Test: evaluate the model's performance; if accuracy has converged, stop training.
Validate: evaluate the accuracy of the trained model. If it doesn't meet acceptance criteria, change something and start over with the training.
Predict: you've passed validation -- release the model for use by the intended application.
All four steps follow the same forward logic flow; training includes back-propagation; the others do not.
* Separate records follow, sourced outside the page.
(* In the setting below, for $p$ in the region of the $z$-plane outside the two loops of $C$, $$\frac{\partial f_{r,s}}{\partial r}(p)=A\left(\frac{p^2-s}{p^2-r}\right)^{1/2},\qquad A=-\frac1{8\pi i}\int_C\frac{z\,\phi(z)\,dz}{(z^2-r)^{3/2}(z^2-s)^{1/2}},$$ and symmetrically $$\frac{\partial f_{r,s}}{\partial s}(p)=B\left(\frac{p^2-r}{p^2-s}\right)^{1/2},\qquad B=-\frac1{8\pi i}\int_C\frac{z\,\phi(z)\,dz}{(z^2-r)^{1/2}(z^2-s)^{3/2}},$$ with square roots taken on the branches consistent with those used in $\alpha(p)$.
   Context: Setting: $z$ is a global coordinate on $\mathbb P^1$; $\phi$ is a holomorphic $\mathbb C^2$-valued function on a disc $N_0$ about $0$ and a disc $N_\infty$ about $\infty$ with $\phi(-z)=-\phi(z)$. For parameters $r$ near $0$ and $s$ near $\infty$ ($r\ne0$, $s\ne\infty$, $r\ne s$) with $\pm\sqrt r\in N_0$, $\pm\sqrt s\in N_\infty$, let $C$ be a fixed contour with two components, a loop in $N_0$ encircling a cut from $\sqrt r$ to $-\sqrt r$ and a loop in $N_\infty$ encircling a cut from $\sqrt s$ to $-\sqrt s$ (the loops stay fixed while $r,s$ vary slightly). Define $$\alpha(p)=\frac{dz}{z-p}\sqrt{\frac{(p^2-r)(p^2-s)}{(z^2-r)(z^2-s)}}\qquad\text{and}\qquad f_{r,s}(p)=\frac1{4\pi i}\int_C\phi(z)\,\alpha(p)$$ for $p$ outside the loops ($\alpha(p)$ is the meromorphic $1$-form on the elliptic curve $w^2=(z^2-r)(z^2-s)$ with simple poles of residue $\pm1$ at the two points over $p$). *)

theory Defs
  imports "HOL-Complex_Analysis.Complex_Analysis"
begin

definition cut0 :: "complex \<Rightarrow> complex set" where
  "cut0 r = closed_segment (csqrt r) (- csqrt r)"

text \<open>The cut from sqrt s to - sqrt s passing through infinity: the two rays
  of the line through 0 and sqrt s going from +-sqrt s out to infinity.\<close>
definition cutinf :: "complex \<Rightarrow> complex set" where
  "cutinf s = {complex_of_real t * csqrt s | t. 1 \<le> \<bar>t\<bar>}"

definition branch_dom :: "complex \<Rightarrow> complex \<Rightarrow> complex set" where
  "branch_dom r s = - (cut0 r \<union> cutinf s)"

text \<open>A single-valued branch w of sqrt((z^2-r)(z^2-s)) off the cuts
  (i.e. the coordinate w of the elliptic curve w^2=(z^2-r)(z^2-s)).\<close>
definition is_sqrt_branch :: "complex \<Rightarrow> complex \<Rightarrow> (complex \<Rightarrow> complex) \<Rightarrow> bool" where
  "is_sqrt_branch r s w \<longleftrightarrow> w holomorphic_on branch_dom r s \<and>
     (\<forall>z\<in>branch_dom r s. (w z)^2 = (z^2 - r) * (z^2 - s))"
lemma image_lifted_fibre:
  fixes f :: "real \<Rightarrow> real" and \<sigma> :: "nat \<Rightarrow> nat"
  assumes f: "\<And>y. f (y + 1) = f y + 1" and \<sigma>: "bij_betw \<sigma> {..<p} {..<p}"
    and maps: "\<And>i. i < p \<Longrightarrow> (\<lambda>y. frac (f y)) ` fibre (Phi i) \<theta> = fibre (Phi (\<sigma> i)) \<theta>'"
  shows "f ` lifted_fibre \<theta> = lifted_fibre \<theta>'"
proof
  show "f ` lifted_fibre \<theta> \<subseteq> lifted_fibre \<theta>'"
  proof
    fix w assume "w \<in> f ` lifted_fibre \<theta>"
    then obtain y i where w: "w = f y" and i: "i < p" and "frac y \<in> fibre (Phi i) \<theta>"
      by (auto simp: lifted_fibre_def fibre_def)
    then have "frac (f (frac y)) \<in> fibre (Phi (\<sigma> i)) \<theta>'"
      using maps[OF i] by blast
    moreover have "\<sigma> i < p"
      using \<sigma> i by (auto simp: bij_betw_def)
    ultimately show "w \<in> lifted_fibre \<theta>'"
      using add_one_equivariant_frac[of f, OF f] by (auto simp: lifted_fibre_def fibre_def w)
  qed
  show "lifted_fibre \<theta>' \<subseteq> f ` lifted_fibre \<theta>"
  proof
    fix w assume "w \<in> lifted_fibre \<theta>'"
    then obtain i' where "i' < p" and "(\<theta>', frac w) \<in> Phi i'"
      by (auto simp: lifted_fibre_def fibre_def)
    moreover obtain i where i: "i < p" and "\<sigma> i = i'"
      using \<sigma> \<open>i' < p\<close> unfolding bij_betw_def by (metis imageE lessThan_iff)
    ultimately have "frac w \<in> fibre (Phi (\<sigma> i)) \<theta>'"
      by (simp add: fibre_def)
    then have "frac w \<in> (\<lambda>y. frac (f y)) ` fibre (Phi i) \<theta>"
      using maps[OF i] by simp
    then obtain z where z: "(\<theta>, z) \<in> Phi i" and fz: "frac (f z) = frac w"
      by (elim imageE) (simp add: fibre_def)
    define z' where "z' = z + of_int (\<lfloor>w\<rfloor> - \<lfloor>f z\<rfloor>)"
    have "f z' = f z + of_int (\<lfloor>w\<rfloor> - \<lfloor>f z\<rfloor>)"
      unfolding z'_def by (rule add_one_equivariant_add_of_int[of f, OF f])
    also have "\<dots> = w"
      using fz by (simp add: frac_def)
    finally have "f z' = w" .
    moreover have "frac z' = z"
      using Phi_frac[OF i z] by (simp only: z'_def frac_add_of_int_right)
    ultimately show "w \<in> f ` lifted_fibre \<theta>"
      using z i by (auto simp: lifted_fibre_def fibre_def)
  qed
qed
lemma sq_mult_exp_neg_two_ln_le:
  fixes \<epsilon> :: real
  assumes "N \<ge> 1" "0 < \<epsilon>" "\<epsilon> < 1"
  shows "real N ^ 2 * (4 * exp (- 2 * ln (2 * real N ^ 2 / \<epsilon>))) \<le> \<epsilon>"
proof -
  have "- 2 * ln (2 * real N ^ 2 / \<epsilon>) = ln ((\<epsilon> / (2 * real N ^ 2))\<^sup>2)"
    using assms by (simp add: ln_realpow ln_div)
  then have "exp (- 2 * ln (2 * real N ^ 2 / \<epsilon>)) = (\<epsilon> / (2 * real N ^ 2))\<^sup>2"
    using assms by simp
  then have "real N ^ 2 * (4 * exp (- 2 * ln (2 * real N ^ 2 / \<epsilon>))) = \<epsilon>\<^sup>2 / real N ^ 2"
    using assms by (simp add: field_simps power2_eq_square)
  also have "\<dots> \<le> \<epsilon>\<^sup>2" using assms by (simp add: field_simps)
  also have "\<dots> \<le> \<epsilon>" using assms by (simp add: power2_eq_square)
  finally show ?thesis .
qed

lemma one_le_ln_two_sq_div:
  fixes \<epsilon> :: real
  assumes "N \<ge> 2" "0 < \<epsilon>" "\<epsilon> < 1"
  shows "1 \<le> ln (2 * real N ^ 2 / \<epsilon>)"
proof -
  have "\<epsilon> * exp 1 \<le> 1 * exp 1"
    using assms(3) by (intro mult_right_mono) auto
  then have "\<epsilon> * exp 1 \<le> 3" using exp_le by linarith
  moreover have "(2::real) ^ 2 \<le> real N ^ 2" using assms(1) by (intro power_mono) auto
  ultimately have "exp 1 \<le> 2 * real N ^ 2 / \<epsilon>"
    using assms(2) by (simp add: field_simps)
  then show ?thesis by (metis exp_gt_zero ln_ge_iff order_less_le_trans)
qed
(* Let $G$ be a connected split graph whose vertex set is partitioned into a clique of order $r$ and an independent set of order $s$. Then for every integer $t\ge 3$, $\varphi(G^t)=\frac{1}{2}(r+s-1)(r+s-2)$.
   Context: All graphs are finite, simple and without isolated vertices. $\mathbb{N}_0$ denotes the set of non-negative integers; for finite $A,B\subseteq\mathbb{N}_0$, $A+B=\{a+b: a\in A, b\in B\}$. An integer additive set-indexer (IASI) of a graph $G$ is an injective map $f$ from $V(G)$ to the finite non-empty subsets of $\mathbb{N}_0$ such that the induced edge map $f^+(uv)=f(u)+f(v)$ is injective on $E(G)$. A weak IASI (WIASI) is an IASI $f$ with $|f^+(uv)|=\max(|f(u)|,|f(v)|)$ for every edge $uv$ (equivalently, for every edge at least one end vertex has a singleton label). A vertex or edge is mono-indexed if its set-label has cardinality $1$. Every graph admits a WIASI. The sparing number $\varphi(G)$ is the minimum, over all WIASIs of $G$, of the number of mono-indexed edges of $G$. The $t$-th power $G^t$ has vertex set $V(G)$, two distinct vertices being adjacent iff their distance in $G$ is at most $t$. A split graph is a graph whose vertex set can be partitioned into a clique and an independent set. *)

theory Defs
  imports Complex_Main
begin

definition graph :: "'a set \<Rightarrow> 'a set set \<Rightarrow> bool" where
  "graph V E \<longleftrightarrow> finite V
     \<and> (\<forall>e\<in>E. \<exists>u v. u \<noteq> v \<and> u \<in> V \<and> v \<in> V \<and> e = {u, v})
     \<and> (\<forall>v\<in>V. \<exists>e\<in>E. v \<in> e)"

definition walk :: "'a set set \<Rightarrow> 'a list \<Rightarrow> bool" where
  "walk E xs \<longleftrightarrow> xs \<noteq> [] \<and> (\<forall>i. Suc i < length xs \<longrightarrow> {xs ! i, xs ! Suc i} \<in> E)"

definition dist_le :: "'a set set \<Rightarrow> 'a \<Rightarrow> 'a \<Rightarrow> nat \<Rightarrow> bool" where
  "dist_le E u v k \<longleftrightarrow> (\<exists>xs. walk E xs \<and> hd xs = u \<and> last xs = v \<and> length xs \<le> Suc k)"

definition connected_graph :: "'a set \<Rightarrow> 'a set set \<Rightarrow> bool" where
  "connected_graph V E \<longleftrightarrow> V \<noteq> {} \<and> (\<forall>u\<in>V. \<forall>v\<in>V. \<exists>k. dist_le E u v k)"

definition graph_power :: "'a set \<Rightarrow> 'a set set \<Rightarrow> nat \<Rightarrow> 'a set set" where
  "graph_power V E t = {{u, v} | u v. u \<in> V \<and> v \<in> V \<and> u \<noteq> v \<and> dist_le E u v t}"

definition is_split_partition :: "'a set \<Rightarrow> 'a set set \<Rightarrow> 'a set \<Rightarrow> 'a set \<Rightarrow> bool" where
  "is_split_partition V E K I \<longleftrightarrow> K \<union> I = V \<and> K \<inter> I = {}
     \<and> (\<forall>u\<in>K. \<forall>v\<in>K. u \<noteq> v \<longrightarrow> {u, v} \<in> E)
     \<and> (\<forall>u\<in>I. \<forall>v\<in>I. {u, v} \<notin> E)"

definition sumset :: "nat set \<Rightarrow> nat set \<Rightarrow> nat set" where
  "sumset A B = {a + b | a b. a \<in> A \<and> b \<in> B}"

definition IASI :: "'a set \<Rightarrow> 'a set set \<Rightarrow> ('a \<Rightarrow> nat set) \<Rightarrow> bool" where
  "IASI V E f \<longleftrightarrow> inj_on f V
     \<and> (\<forall>v\<in>V. finite (f v) \<and> f v \<noteq> {})
     \<and> (\<forall>u v x y. {u, v} \<in> E \<longrightarrow> {x, y} \<in> E \<longrightarrow>
           sumset (f u) (f v) = sumset (f x) (f y) \<longrightarrow> {u, v} = {x, y})"

definition WIASI :: "'a set \<Rightarrow> 'a set set \<Rightarrow> ('a \<Rightarrow> nat set) \<Rightarrow> bool" where
  "WIASI V E f \<longleftrightarrow> IASI V E f
     \<and> (\<forall>u v. {u, v} \<in> E \<longrightarrow> card (sumset (f u) (f v)) = max (card (f u)) (card (f v)))"

definition mono_edges :: "'a set set \<Rightarrow> ('a \<Rightarrow> nat set) \<Rightarrow> 'a set set" where
  "mono_edges E f = {e \<in> E. \<exists>u v. e = {u, v} \<and> card (sumset (f u) (f v)) = 1}"

definition sparing_number :: "'a set \<Rightarrow> 'a set set \<Rightarrow> nat" where
  "sparing_number V E = (LEAST n. \<exists>f. WIASI V E f \<and> card (mono_edges E f) = n)"

end

theory Submission
  imports Defs
begin

text \<open>
  Every
  independent vertex has a clique neighbour, so any two vertices are joined by a walk
  u, k, l, v with k, l in K; hence G has diameter at most 3 and G^t is the complete graph on
  V for every t at least 3. The theorem thus reduces to the sparing number of a complete
  graph on n = r + s vertices, which is (n - 1) choose 2:
  \<^item> lower bound: in a weak IASI an edge can never join two vertices with non-singleton
    labels, so in a complete graph at most one vertex has a non-singleton label and all
    pairs among the remaining at least n - 1 vertices are mono-indexed;
  \<^item> upper bound: label one vertex v0 by {0, 1} and the others by distinct powers of two;
    this is a weak IASI whose mono-indexed edges are exactly the edges avoiding v0.
\<close>

lemma sumset_commute: "sumset A B = sumset B A"
  unfolding sumset_def by (metis add.commute)

lemma sumset_singletons: "sumset {a} {b} = {a + b}"
  unfolding sumset_def by auto

lemma finite_sumset:
  assumes "finite A" "finite B"
  shows "finite (sumset A B)"
proof -
  have "sumset A B = (\<lambda>(x, y). x + y) ` (A \<times> B)"
    unfolding sumset_def by force
  then show ?thesis using assms by simp
qed

text \<open>Adding a set with at least two elements strictly enlarges a finite set:
  if a < a' in A and b = max B, then a + B together with a' + b lies in A + B.
  This is why a WIASI cannot join two vertices with non-singleton labels.\<close>
lemma card_sumset_gt:
  assumes A: "finite A" "card A \<ge> 2" and B: "finite B" "B \<noteq> {}"
  shows "card B < card (sumset A B)"
proof -
  obtain a a' where aa': "a \<in> A" "a' \<in> A" "a < a'"
  proof -
    obtain x y where "x \<in> A" "y \<in> A" "x \<noteq> y"
      using A card_le_Suc0_iff_eq[of A] by auto
    then show ?thesis using that by (cases "x < y") auto
  qed
  define b where "b = Max B"
  have b: "b \<in> B" "\<And>x. x \<in> B \<Longrightarrow> x \<le> b"
    using B by (simp_all add: b_def)
  have new: "a' + b \<notin> (+) a ` B"
    using b(2) aa'(3) by fastforce
  have "card B < card (insert (a' + b) ((+) a ` B))"
    using new B by (simp add: card_image)
  also have "\<dots> \<le> card (sumset A B)"
    by (rule card_mono[OF finite_sumset[OF A(1) B(1)]])
       (use aa' b in \<open>auto simp: sumset_def\<close>)
  finally show ?thesis .
qed

lemma walk_Cons:
  assumes "xs \<noteq> []"
  shows "walk E (x # xs) \<longleftrightarrow> {x, hd xs} \<in> E \<and> walk E xs"
proof -
  obtain y ys where xs: "xs = y # ys" using assms by (cases xs) auto
  have "walk E (x # y # ys) \<longleftrightarrow> {x, y} \<in> E \<and> walk E (y # ys)"
    unfolding walk_def
    by (auto simp: less_Suc_eq_0_disj All_less_Suc2)
  then show ?thesis using xs by simp
qed

lemma walk_append:
  assumes "walk E xs" "walk E ys" "last xs = hd ys"
  shows "walk E (xs @ tl ys)"
proof -
  have "xs \<noteq> []" using assms(1) by (simp add: walk_def)
  then show ?thesis using assms
  proof (induction xs rule: list_nonempty_induct)
    case (single x)
    then show ?case by (cases ys) (simp_all add: walk_def)
  next
    case (cons x xs)
    then show ?case by (simp add: walk_Cons)
  qed
qed

lemma dist_le_refl: "dist_le E u u k"
  unfolding dist_le_def by (rule exI[of _ "[u]"]) (simp add: walk_def)

lemma dist_le_edge: "{u, v} \<in> E \<Longrightarrow> dist_le E u v 1"
  unfolding dist_le_def by (rule exI[of _ "[u, v]"]) (simp add: walk_Cons walk_def)

lemma dist_le_mono: "dist_le E u v a \<Longrightarrow> a \<le> b \<Longrightarrow> dist_le E u v b"
  unfolding dist_le_def by fastforce

lemma dist_le_trans:
  assumes "dist_le E u v a" "dist_le E v w b"
  shows "dist_le E u w (a + b)"
proof -
  obtain xs where xs: "walk E xs" "hd xs = u" "last xs = v" "length xs \<le> Suc a"
    using assms(1) unfolding dist_le_def by blast
  obtain ys where ys: "walk E ys" "hd ys = v" "last ys = w" "length ys \<le> Suc b"
    using assms(2) unfolding dist_le_def by blast
  have ne: "xs \<noteq> []" "ys \<noteq> []" using xs(1) ys(1) by (simp_all add: walk_def)
  have "walk E (xs @ tl ys)" using walk_append[OF xs(1) ys(1)] xs(3) ys(2) by simp
  moreover have "hd (xs @ tl ys) = u" "last (xs @ tl ys) = w"
    using ne xs(2,3) ys(2,3) by (cases ys; auto simp: last_append)+
  moreover have "length (xs @ tl ys) \<le> Suc (a + b)"
    using xs(4) ys(4) by simp
  ultimately show ?thesis unfolding dist_le_def by blast
qed
text \<open>
  Since \<open>L\<close> exceeds twice the largest eigenvalue \<open>\<lambda>\<close> of \<open>A\<^sup>T A\<close>, the quadratic upper bound
  \<open>f v \<le> f u + \<nabla>f u \<bullet> (v - u) + \<lambda> \<parallel>v - u\<parallel>\<^sup>2\<close> and the projection step give the sufficient
  decrease \<open>(L/2 - \<lambda>) \<parallel>x\<^sub>k\<^sub>+\<^sub>1 - x\<^sub>k\<parallel>\<^sup>2 \<le> f x\<^sub>k - f x\<^sub>k\<^sub>+\<^sub>1\<close>. Hence the steps tend to zero and
  the iterates stay in a sublevel set of \<open>f\<close> inside \<open>C\<^sub>s\<close>, which is bounded because
  \<open>s\<close>-regularity makes \<open>A\<close> injective on every coordinate subspace of dimension \<open>s\<close>.
  Every limit point of the iterates is \<open>L\<close>-stationary, and an \<open>L\<close>-stationary point is the
  unique zero of the gradient of \<open>f\<close> restricted to some \<open>s\<close>-element support, so there are
  only finitely many of them. A bounded sequence whose steps tend to zero and whose limit
  points lie in a finite set converges.
\<close>

lemma transpose_matrix_vector_inner:
  fixes A :: "real ^ 'n ^ 'm"
  shows "(transpose A *v u) \<bullet> w = u \<bullet> (A *v w)"
proof -
  have "transpose A *v u = u v* A"
    using vector_transpose_matrix[of u "transpose A"] by simp
  then show ?thesis
    by (simp add: dot_lmul_matrix)
qed

lemma has_derivative_least_squares:
  fixes A :: "real ^ 'n ^ 'm"
  shows "((\<lambda>y. (norm (A *v y - b))\<^sup>2) has_derivative
           (\<lambda>h. (2 *\<^sub>R (transpose A *v (A *v y - b))) \<bullet> h)) (at y)"
proof -
  have "((\<lambda>y. A *v y - b) has_derivative (*v) A) (at y)"
    by (auto intro!: derivative_eq_intros bounded_linear_imp_has_derivative
             simp: linear_conv_bounded_linear)
  from has_derivative_inner[OF this this] show ?thesis
    unfolding power2_norm_eq_inner
    by (rule has_derivative_eq_rhs)
       (simp only: inner_scaleR_left transpose_matrix_vector_inner, simp add: fun_eq_iff inner_commute)
qed

lemma gram_eigenvector_of_maximizer:
  fixes A :: "real ^ 'n ^ 'm"
  assumes bound: "\<And>u. (norm (A *v u))\<^sup>2 \<le> \<mu> * (norm u)\<^sup>2"
    and attained: "(norm (A *v v))\<^sup>2 = \<mu> * (norm v)\<^sup>2"
  shows "(transpose A ** A) *v v = \<mu> *\<^sub>R v"
proof -
  \<comment> \<open>\<open>v\<close> minimises \<open>\<phi> \<ge> 0\<close>, so the gradient \<open>w\<close> of \<open>\<phi>\<close> vanishes at \<open>v\<close>.\<close>
  define \<phi> where "\<phi> u = \<mu> * (u \<bullet> u) - (norm (A *v u))\<^sup>2" for u :: "real ^ 'n"
  define w where "w = 2 *\<^sub>R (\<mu> *\<^sub>R v - transpose A *v (A *v v))"
  have "(\<phi> has_derivative (\<bullet>) w) (at v)"
    unfolding \<phi>_def
    by (rule has_derivative_eq_rhs,
        (rule derivative_intros has_derivative_least_squares[of A 0, simplified])+)
       (simp add: w_def fun_eq_iff algebra_simps inner_diff_left inner_commute)
  moreover have "\<phi> v \<le> \<phi> u" for u
    using bound[of u] attained by (simp add: \<phi>_def power2_norm_eq_inner)
  ultimately have "(\<bullet>) w = (\<lambda>h. 0)"
    by (intro differential_zero_maxmin[of v UNIV]) auto
  then have "w = 0"
    by (metis inner_eq_zero_iff)
  then show ?thesis
    by (simp add: w_def matrix_vector_mul_assoc)
qed

lemma finite_eigenvalues_symmetric:
  fixes M :: "real ^ 'n ^ 'n"
  assumes sym: "transpose M = M"
  shows "finite {c. \<exists>v. v \<noteq> 0 \<and> M *v v = c *\<^sub>R v}" (is "finite ?E")
proof -
  obtain ev where ev: "\<And>c. c \<in> ?E \<Longrightarrow> ev c \<noteq> 0 \<and> M *v ev c = c *\<^sub>R ev c"
    using bchoice[of ?E "\<lambda>c v. v \<noteq> 0 \<and> M *v v = c *\<^sub>R v"] by auto
  have inj: "inj_on ev ?E"
  proof (rule inj_onI)
    fix c d assume cd: "c \<in> ?E" "d \<in> ?E" "ev c = ev d"
    have "c *\<^sub>R ev c = M *v ev c"
      using ev[OF cd(1)] by simp
    also have "\<dots> = d *\<^sub>R ev c"
      using ev[OF cd(2)] cd(3) by simp
    finally show "c = d"
      using ev[OF cd(1)] by simp
  qed
  have "orthogonal (ev c) (ev d)" if cd: "c \<in> ?E" "d \<in> ?E" "ev c \<noteq> ev d" for c d
  proof -
    have "c * (ev c \<bullet> ev d) = (M *v ev c) \<bullet> ev d"
      using ev[OF cd(1)] by simp
    also have "\<dots> = ev c \<bullet> (M *v ev d)"
      using transpose_matrix_vector_inner[of M "ev c" "ev d"] by (simp add: sym)
    also have "\<dots> = d * (ev c \<bullet> ev d)"
      using ev[OF cd(2)] by simp
    finally show ?thesis
      using cd unfolding orthogonal_def by auto
  qed
  then have "pairwise orthogonal (ev ` ?E)"
    by (auto simp: pairwise_def)
  moreover have "0 \<notin> ev ` ?E"
    using ev by force
  ultimately have "independent (ev ` ?E)"
    by (rule pairwise_orthogonal_independent)
  then have "finite (ev ` ?E)"
    by (simp add: independent_bound)
  then show ?thesis
    using finite_imageD inj by blast
qed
Simply follow the forward-only process, and you'll get the result form you need.
I worry about your data partition: only 10% for training, 90% for testing, and none for validation. A more typical split is 50-30-20, or something in that general area.
Q-1 : You should change your LSTM parameter to return a sequence of size two which will be prediction for that day and the day after.
Q-2 it's clearly that your model is underfitting the data, which is so obvious with your 10% train 90% test data ! You should more equilibrated ratio as suggested in the previous answer.